== Action item ==
Collect every line below that contains the word "norm".

== Stored data entries ==
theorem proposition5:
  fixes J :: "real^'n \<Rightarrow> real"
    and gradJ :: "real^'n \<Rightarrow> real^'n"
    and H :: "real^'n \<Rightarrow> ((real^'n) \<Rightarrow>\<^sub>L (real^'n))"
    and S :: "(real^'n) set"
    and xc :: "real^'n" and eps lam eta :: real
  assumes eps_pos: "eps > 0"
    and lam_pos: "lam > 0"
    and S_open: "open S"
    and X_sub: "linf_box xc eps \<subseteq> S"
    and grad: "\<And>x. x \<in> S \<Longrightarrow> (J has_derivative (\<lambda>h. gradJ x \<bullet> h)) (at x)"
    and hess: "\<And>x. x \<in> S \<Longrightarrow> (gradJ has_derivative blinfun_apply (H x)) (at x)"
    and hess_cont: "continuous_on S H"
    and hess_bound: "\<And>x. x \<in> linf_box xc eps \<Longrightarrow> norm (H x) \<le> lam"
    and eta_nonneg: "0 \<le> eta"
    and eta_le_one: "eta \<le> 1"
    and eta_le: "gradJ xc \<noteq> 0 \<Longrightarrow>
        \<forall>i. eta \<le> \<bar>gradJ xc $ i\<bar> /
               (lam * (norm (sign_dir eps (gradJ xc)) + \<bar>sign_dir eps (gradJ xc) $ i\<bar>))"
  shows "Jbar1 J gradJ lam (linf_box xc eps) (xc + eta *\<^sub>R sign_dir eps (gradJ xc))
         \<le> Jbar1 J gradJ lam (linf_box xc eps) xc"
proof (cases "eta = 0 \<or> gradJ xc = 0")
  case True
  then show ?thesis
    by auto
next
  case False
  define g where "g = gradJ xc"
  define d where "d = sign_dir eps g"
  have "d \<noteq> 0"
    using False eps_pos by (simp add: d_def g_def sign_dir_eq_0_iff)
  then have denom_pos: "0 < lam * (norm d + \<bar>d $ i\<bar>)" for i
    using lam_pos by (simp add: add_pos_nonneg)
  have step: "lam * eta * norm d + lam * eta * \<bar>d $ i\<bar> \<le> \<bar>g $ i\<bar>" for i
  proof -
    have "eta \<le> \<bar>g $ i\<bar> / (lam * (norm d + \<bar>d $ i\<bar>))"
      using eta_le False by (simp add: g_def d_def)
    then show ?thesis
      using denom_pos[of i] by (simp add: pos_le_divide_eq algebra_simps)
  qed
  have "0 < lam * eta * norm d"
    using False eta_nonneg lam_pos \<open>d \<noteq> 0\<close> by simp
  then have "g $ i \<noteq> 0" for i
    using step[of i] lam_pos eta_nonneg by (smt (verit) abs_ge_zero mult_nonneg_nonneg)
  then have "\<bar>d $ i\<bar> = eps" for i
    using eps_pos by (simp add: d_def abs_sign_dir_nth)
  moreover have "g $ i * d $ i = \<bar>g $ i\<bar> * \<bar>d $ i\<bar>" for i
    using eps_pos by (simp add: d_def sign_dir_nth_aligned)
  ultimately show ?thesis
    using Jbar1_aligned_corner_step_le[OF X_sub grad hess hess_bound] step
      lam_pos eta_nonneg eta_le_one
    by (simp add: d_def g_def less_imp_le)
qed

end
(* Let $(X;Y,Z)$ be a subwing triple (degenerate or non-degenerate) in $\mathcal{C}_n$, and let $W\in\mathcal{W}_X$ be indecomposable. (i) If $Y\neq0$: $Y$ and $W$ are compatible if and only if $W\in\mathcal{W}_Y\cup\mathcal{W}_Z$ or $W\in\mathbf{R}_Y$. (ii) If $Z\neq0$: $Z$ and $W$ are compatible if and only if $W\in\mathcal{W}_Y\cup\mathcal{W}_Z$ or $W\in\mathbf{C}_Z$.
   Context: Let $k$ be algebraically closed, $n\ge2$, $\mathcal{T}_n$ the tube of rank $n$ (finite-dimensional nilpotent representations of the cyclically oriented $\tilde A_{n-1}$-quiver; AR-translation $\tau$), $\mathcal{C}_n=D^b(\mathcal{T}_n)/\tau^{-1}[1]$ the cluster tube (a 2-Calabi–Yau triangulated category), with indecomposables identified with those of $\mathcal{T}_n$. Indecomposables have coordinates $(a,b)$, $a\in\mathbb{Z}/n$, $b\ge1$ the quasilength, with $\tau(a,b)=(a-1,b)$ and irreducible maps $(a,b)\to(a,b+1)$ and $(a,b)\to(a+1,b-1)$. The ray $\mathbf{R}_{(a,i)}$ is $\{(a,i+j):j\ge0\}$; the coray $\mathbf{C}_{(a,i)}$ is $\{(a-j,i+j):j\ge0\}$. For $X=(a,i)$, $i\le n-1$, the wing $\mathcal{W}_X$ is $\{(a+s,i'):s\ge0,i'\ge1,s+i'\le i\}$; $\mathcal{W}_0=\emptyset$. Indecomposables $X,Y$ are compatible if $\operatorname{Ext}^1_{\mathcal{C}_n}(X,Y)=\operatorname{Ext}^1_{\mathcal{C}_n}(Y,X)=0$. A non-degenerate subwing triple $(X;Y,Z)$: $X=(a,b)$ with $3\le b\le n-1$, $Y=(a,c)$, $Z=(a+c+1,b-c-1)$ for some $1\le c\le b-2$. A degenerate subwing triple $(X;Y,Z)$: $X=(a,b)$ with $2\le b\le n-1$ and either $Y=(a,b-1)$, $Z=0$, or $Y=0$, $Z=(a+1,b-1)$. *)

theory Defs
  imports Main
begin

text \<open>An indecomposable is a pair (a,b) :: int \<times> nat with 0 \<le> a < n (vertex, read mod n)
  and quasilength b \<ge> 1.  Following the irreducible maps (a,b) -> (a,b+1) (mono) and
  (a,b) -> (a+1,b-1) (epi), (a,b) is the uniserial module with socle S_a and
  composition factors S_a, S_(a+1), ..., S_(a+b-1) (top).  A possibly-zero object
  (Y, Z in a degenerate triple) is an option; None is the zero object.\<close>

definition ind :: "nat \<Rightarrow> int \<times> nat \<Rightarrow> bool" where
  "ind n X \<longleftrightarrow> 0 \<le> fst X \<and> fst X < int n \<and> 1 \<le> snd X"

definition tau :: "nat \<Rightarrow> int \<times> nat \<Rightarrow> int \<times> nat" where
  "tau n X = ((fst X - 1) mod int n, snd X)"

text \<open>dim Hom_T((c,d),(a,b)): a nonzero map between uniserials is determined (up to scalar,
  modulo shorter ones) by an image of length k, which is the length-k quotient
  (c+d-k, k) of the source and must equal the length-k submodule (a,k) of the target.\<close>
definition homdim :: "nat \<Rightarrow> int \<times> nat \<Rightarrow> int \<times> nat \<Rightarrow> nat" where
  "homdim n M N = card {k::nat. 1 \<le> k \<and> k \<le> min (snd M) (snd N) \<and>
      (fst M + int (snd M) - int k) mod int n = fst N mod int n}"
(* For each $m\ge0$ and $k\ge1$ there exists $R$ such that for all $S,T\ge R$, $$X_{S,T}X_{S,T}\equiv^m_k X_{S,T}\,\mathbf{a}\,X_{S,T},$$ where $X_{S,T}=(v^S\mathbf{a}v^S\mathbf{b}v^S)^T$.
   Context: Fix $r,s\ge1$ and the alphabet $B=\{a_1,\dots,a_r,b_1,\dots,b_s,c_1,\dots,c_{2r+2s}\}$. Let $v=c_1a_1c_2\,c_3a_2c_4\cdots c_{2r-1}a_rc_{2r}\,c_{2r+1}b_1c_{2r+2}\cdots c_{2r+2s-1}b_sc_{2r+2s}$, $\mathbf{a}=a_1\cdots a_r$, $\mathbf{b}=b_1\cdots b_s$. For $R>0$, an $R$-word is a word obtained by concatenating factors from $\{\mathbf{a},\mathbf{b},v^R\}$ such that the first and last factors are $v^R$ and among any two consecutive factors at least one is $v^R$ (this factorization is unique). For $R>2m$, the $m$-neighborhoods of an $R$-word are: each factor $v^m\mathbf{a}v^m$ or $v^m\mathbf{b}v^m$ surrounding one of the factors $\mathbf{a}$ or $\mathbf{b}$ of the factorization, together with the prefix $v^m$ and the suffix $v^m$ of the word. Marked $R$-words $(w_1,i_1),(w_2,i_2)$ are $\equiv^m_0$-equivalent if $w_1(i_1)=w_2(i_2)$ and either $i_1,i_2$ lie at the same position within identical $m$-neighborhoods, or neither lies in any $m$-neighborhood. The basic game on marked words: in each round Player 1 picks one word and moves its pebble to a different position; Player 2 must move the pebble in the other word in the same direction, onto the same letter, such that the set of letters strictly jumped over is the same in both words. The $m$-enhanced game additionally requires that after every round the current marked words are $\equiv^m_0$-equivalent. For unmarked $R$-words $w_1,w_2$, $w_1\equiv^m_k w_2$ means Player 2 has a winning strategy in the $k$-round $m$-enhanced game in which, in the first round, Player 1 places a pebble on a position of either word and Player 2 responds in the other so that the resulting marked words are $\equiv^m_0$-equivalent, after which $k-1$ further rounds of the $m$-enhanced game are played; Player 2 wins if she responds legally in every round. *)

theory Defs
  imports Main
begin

== Reply to the task ==
    and hess_bound: "\<And>x. x \<in> linf_box xc eps \<Longrightarrow> norm (H x) \<le> lam"
               (lam * (norm (sign_dir eps (gradJ xc)) + \<bar>sign_dir eps (gradJ xc) $ i\<bar>))"
  then have denom_pos: "0 < lam * (norm d + \<bar>d $ i\<bar>)" for i
  have step: "lam * eta * norm d + lam * eta * \<bar>d $ i\<bar> \<le> \<bar>g $ i\<bar>" for i
    have "eta \<le> \<bar>g $ i\<bar> / (lam * (norm d + \<bar>d $ i\<bar>))"
  have "0 < lam * eta * norm d"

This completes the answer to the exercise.